ARCHIVED: Section 6: Sustainable Development Strategy 2007-2010: Sustainable development in public health– Management framework


Public Health Agency of Canada
Sustainable Development Strategy 2007- 2010

6 Management framework

PHAC has developed an internal accountability framework that provides a roadmap for how the Agency will plan, monitor, evaluate and report on the SDS's results. The framework describes the Strategy's governance and the roles and responsibilities of Agency staff involved with its implementation.

PHAC recognizes the importance of integrating this management accountability framework with the Agency's Management, Resources and Results Structure (MRRS) and the resulting Program Activity Architecture (PAA). Given that many of the Agency's internal management structures are still under development, this integration is not yet possible, but will be pursued now that Treasury Board has approved the PAA.

PHAC will report annually to Parliament on the SDS's implementation through its Departmental Performance Report. This second and more comprehensive SDS, rather than the first SDS deposited with the Clerk of the House of Commons in August 2006, will form the basis for reporting.

PHAC's Office of Sustainable Development has overall responsibility for reporting on SD performance measurement to PHAC's Management Committee. OSD provides the necessary tool for collecting and analyzing performance measurement information; it will issue regular call letters to all working group members with responsibility for accomplishing particular targets to update information in the tracking tools.

Performance will be assessed against results-based indicators developed for each of the targets
(Table 1). While the emphasis of this report is currently on process or output indicators, the Agency has provided some outcome indicators, and will be working over the next three years to improve and define the indicators to ensure that they are results-based (eg. value for money, accountability, transparent and effective management). PHAC will review the strategy's implementation before preparation of its next SDS . Conducting reviews on a three-year cycle facilitates a continuous improvement approach to implementing the SDS in the Agency.

Table 1: List of Performance Indicators

Target Performance Indicators

Target 1.1.1
Include SD considerations in all Population Health Fund solicitation documents by December 2009.*

* The Population Health Fund, in future calls for proposals, will identify priorities for new projects to address issues of SD that focus on the social, economic and environmental determinants of health.

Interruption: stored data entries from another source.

lemma hfun_shift_le:
  assumes n: "ln (real n) \<ge> 2" and "\<gamma> \<ge> -1/4" "\<gamma> \<le> \<beta>" "\<beta> \<le> \<gamma> + 1/ln (real n)"
  shows "hfun p \<kappa> \<mu> n \<beta> \<le> 3 * exp 8 * exp (4 + 4*\<bar>ln C\<bar>) * hfun p \<kappa> \<mu> n \<gamma>"
proof -
  define T where "T = exp (4 + 4*\<bar>ln C\<bar>)"
  define P where "P a = (1+2*a+2*p) / (real n powr (1/(1+2*a+2*p)) * ln (real n))" for a
  define S where "S a = (\<Sum>j. hterm \<kappa> \<mu> n a (Suc j))" for a
  have n0: "real n > 0" using n by (cases "n = 0") auto
  have sums: "summable (\<lambda>j. hterm \<kappa> \<mu> n a (Suc j))" if "a \<ge> \<gamma>" for a
    using that assms \<kappa> \<mu> by (intro summable_hterm) auto
  have "S \<beta> \<le> (\<Sum>j. T * hterm \<kappa> \<mu> n \<gamma> (Suc j))"
    unfolding S_def T_def using sums assms \<kappa>
    by (intro suminf_le summable_mult hterm_shift_le) auto
  also have "\<dots> = T * S \<gamma>" unfolding S_def using sums by (intro suminf_mult) auto
  finally have S_le: "S \<beta> \<le> T * S \<gamma>" .
  have P_le: "P \<beta> \<le> 3 * exp 8 * P \<gamma>"
    unfolding P_def using assms p n0 by (intro prefactor_shift_le) auto
  have "ln (real n) > 0" using n by linarith
  hence "P \<gamma> \<ge> 0" unfolding P_def using assms p n0 by (intro divide_nonneg_pos mult_pos_pos) auto
  moreover have "S \<beta> \<ge> 0" unfolding S_def using sums assms hterm_nonneg by (intro suminf_nonneg) auto
  ultimately have "P \<beta> * S \<beta> \<le> (3 * exp 8 * P \<gamma>) * (T * S \<gamma>)"
    using P_le S_le by (intro mult_mono) auto
  thus ?thesis by (simp add: hfun_eq_suminf_hterm P_def S_def T_def mult_ac)
qed

lemma hfun_at_upper_end_le:
  assumes "ln (real n) \<ge> 4" "U \<ge> 0" "ereal \<alpha> \<in> {U - ereal (1/ln (real n)) .. U}"
  shows "hfun p \<kappa> \<mu> n (real_of_ereal U) \<le> 3 * exp 8 * exp (4 + 4*\<bar>ln C\<bar>) * hfun p \<kappa> \<mu> n \<alpha>"
proof (cases U)
  case (real u)
  have "1/ln (real n) \<le> 1/4" using assms(1) by (simp add: divide_simps)
  moreover have "u - 1/ln (real n) \<le> \<alpha>" "\<alpha> \<le> u" using assms(3) real by auto
  moreover have "u \<ge> 0" using assms(2) real by simp
  ultimately have "\<alpha> \<ge> -1/4" by linarith
  hence "hfun p \<kappa> \<mu> n u \<le> 3 * exp 8 * exp (4 + 4*\<bar>ln C\<bar>) * hfun p \<kappa> \<mu> n \<alpha>"
    using assms(1) \<open>u - 1/ln (real n) \<le> \<alpha>\<close> \<open>\<alpha> \<le> u\<close> by (intro hfun_shift_le) auto
  thus ?thesis using real by simp
qed (use assms in auto)

lemma hfun_at_lower_end_ge:
  assumes "ln (real n) \<ge> 2" "U \<ge> 0" "U \<noteq> \<infinity>" "ereal \<alpha> \<in> {U .. U + ereal (1/ln (real n))}"
  shows "hfun p \<kappa> \<mu> n \<alpha> \<le> 3 * exp 8 * exp (4 + 4*\<bar>ln C\<bar>) * hfun p \<kappa> \<mu> n (real_of_ereal U)"
  using assms by (cases U) (auto intro!: hfun_shift_le)

end

lemma alpha_up_nonneg: "alpha_up p \<kappa> \<mu> L n \<ge> 0"
  unfolding alpha_up_def by (rule Inf_greatest) auto

lemma alpha_low_nonneg: "ln (real n) \<ge> 0 \<Longrightarrow> alpha_low p \<kappa> \<mu> l n \<ge> 0"
  unfolding alpha_low_def by (auto intro: Inf_greatest)

lemma alpha_low_finite: "alpha_low p \<kappa> \<mu> l n \<noteq> \<infinity>"
  unfolding alpha_low_def by (auto simp: min_def)

theorem lemma5p1:
  fixes p C l L :: real and \<kappa> :: "nat \<Rightarrow> real"
  assumes "p \<ge> 0" and "C > 0"
    and "\<And>i. i \<ge> 1 \<Longrightarrow> inverse C * real i powr (-p) \<le> \<kappa> i \<and> \<kappa> i \<le> C * real i powr (-p)"
    and "0 < l" and "l < L"
  shows "\<exists>K>0. \<forall>\<mu> :: nat \<Rightarrow> real. summable (\<lambda>j. (\<mu> (Suc j))^2) \<longrightarrow>
     (\<forall>n::nat. \<forall>\<alpha>::real. real n \<ge> exp 4 \<and>
        ereal \<alpha> \<in> {alpha_up p \<kappa> \<mu> L n - ereal (1 / ln (real n)) .. alpha_up p \<kappa> \<mu> L n} \<longrightarrow>
        hfun p \<kappa> \<mu> n (real_of_ereal (alpha_up p \<kappa> \<mu> L n)) \<le> K * hfun p \<kappa> \<mu> n \<alpha>) \<and>
     (\<forall>n::nat. \<forall>\<alpha>::real. real n \<ge> exp 2 \<and>
        ereal \<alpha> \<in> {alpha_low p \<kappa> \<mu> l n .. alpha_low p \<kappa> \<mu> l n + ereal (1 / ln (real n))} \<longrightarrow>
        hfun p \<kappa> \<mu> n \<alpha> \<le> K * hfun p \<kappa> \<mu> n (real_of_ereal (alpha_low p \<kappa> \<mu> l n)))"
proof -
  have \<kappa>: "0 < \<kappa> i \<and> \<kappa> i \<le> C" if "i \<ge> 1" for i
    using assms(1,2) assms(3)[OF that] that by (intro powr_neg_bounds_imp_pos_le) auto
  have ln_ge: "ln (real n) \<ge> c" if "real n \<ge> exp c" for n :: nat and c :: real
    using that ln_ge_iff[of "real n" c] exp_gt_zero[of c] by linarith
  define K where "K = 3 * exp 8 * exp (4 + 4*\<bar>ln C\<bar>)"
  show ?thesis
  proof (intro exI[of _ K] conjI allI impI)
    show "K > 0" unfolding K_def by simp
  next
    fix \<mu> :: "nat \<Rightarrow> real" and n \<alpha>
    assume \<mu>: "summable (\<lambda>j. (\<mu> (Suc j))^2)"
      and n: "real n \<ge> exp 4 \<and> ereal \<alpha> \<in> {alpha_up p \<kappa> \<mu> L n - ereal (1 / ln (real n)) .. alpha_up p \<kappa> \<mu> L n}"
    have "ln (real n) \<ge> 4" using n ln_ge by blast
    then show "hfun p \<kappa> \<mu> n (real_of_ereal (alpha_up p \<kappa> \<mu> L n)) \<le> K * hfun p \<kappa> \<mu> n \<alpha>"
      unfolding K_def using \<kappa> \<mu> n by (intro hfun_at_upper_end_le assms(1) alpha_up_nonneg) auto
  next
    fix \<mu> :: "nat \<Rightarrow> real" and n \<alpha>
    assume \<mu>: "summable (\<lambda>j. (\<mu> (Suc j))^2)"
      and n: "real n \<ge> exp 2 \<and> ereal \<alpha> \<in> {alpha_low p \<kappa> \<mu> l n .. alpha_low p \<kappa> \<mu> l n + ereal (1 / ln (real n))}"
    have "ln (real n) \<ge> 2" using n ln_ge by blast
    then show "hfun p \<kappa> \<mu> n \<alpha> \<le> K * hfun p \<kappa> \<mu> n (real_of_ereal (alpha_low p \<kappa> \<mu> l n))"
      unfolding K_def using \<kappa> \<mu> n
      by (intro hfun_at_lower_end_ge assms(1) alpha_low_nonneg alpha_low_finite) auto
  qed
qed

end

  • Percentage of solicitations that address SD issues
  • Percentage of eligible employees that received SD training
  • Percentage of funding that involves SD criteria
  • Number of solicitations where SD is mentioned
Target 1.1.2
By March 31, 2008, review outcomes of Population Health Fund projects funded by the Quebec Region to determine project SD contribution.
  • Number of funded projects with SD elements
  • Number of families and/or individuals reached through projects either directly or indirectly
Target 1.1.3
Develop a working group by July 2007 that increases awareness of and that advises program and policy areas on the health implications of changes in climate by December 2009.
  • Number of programs that consider the health implications of a changing climate
  • Number of PHAC policies that consider the health implications of a changing climate
  • Integration of climate change considerations in PHAC policy and program development
  • Cross-jurisdictional consideration of climate change in its relation to activities associated with human health
  • Development of a PHAC approach to the human health implications of a changing climate
  • Number of files receiving input from climate change committee
  • Number of presentations to senior management, interdepartmental fora, meetings, conferences, etc.

Target 1.2.1
Genetically fingerprint antimicrobial-resistant strains to describe patterns in human antimicrobial use and antimicrobial resistance by December 31, 2009.*

* The National Microbiology Laboratory, the Canadian Nosocomial Infection Surveillance Program and the Canadian Integrated Program for Antimicrobial Resistance Surveillance (CIPARS) collaborative group will genetically fingerprint antimicrobial-resistant strains of eleven community- or hospital-acquired organisms.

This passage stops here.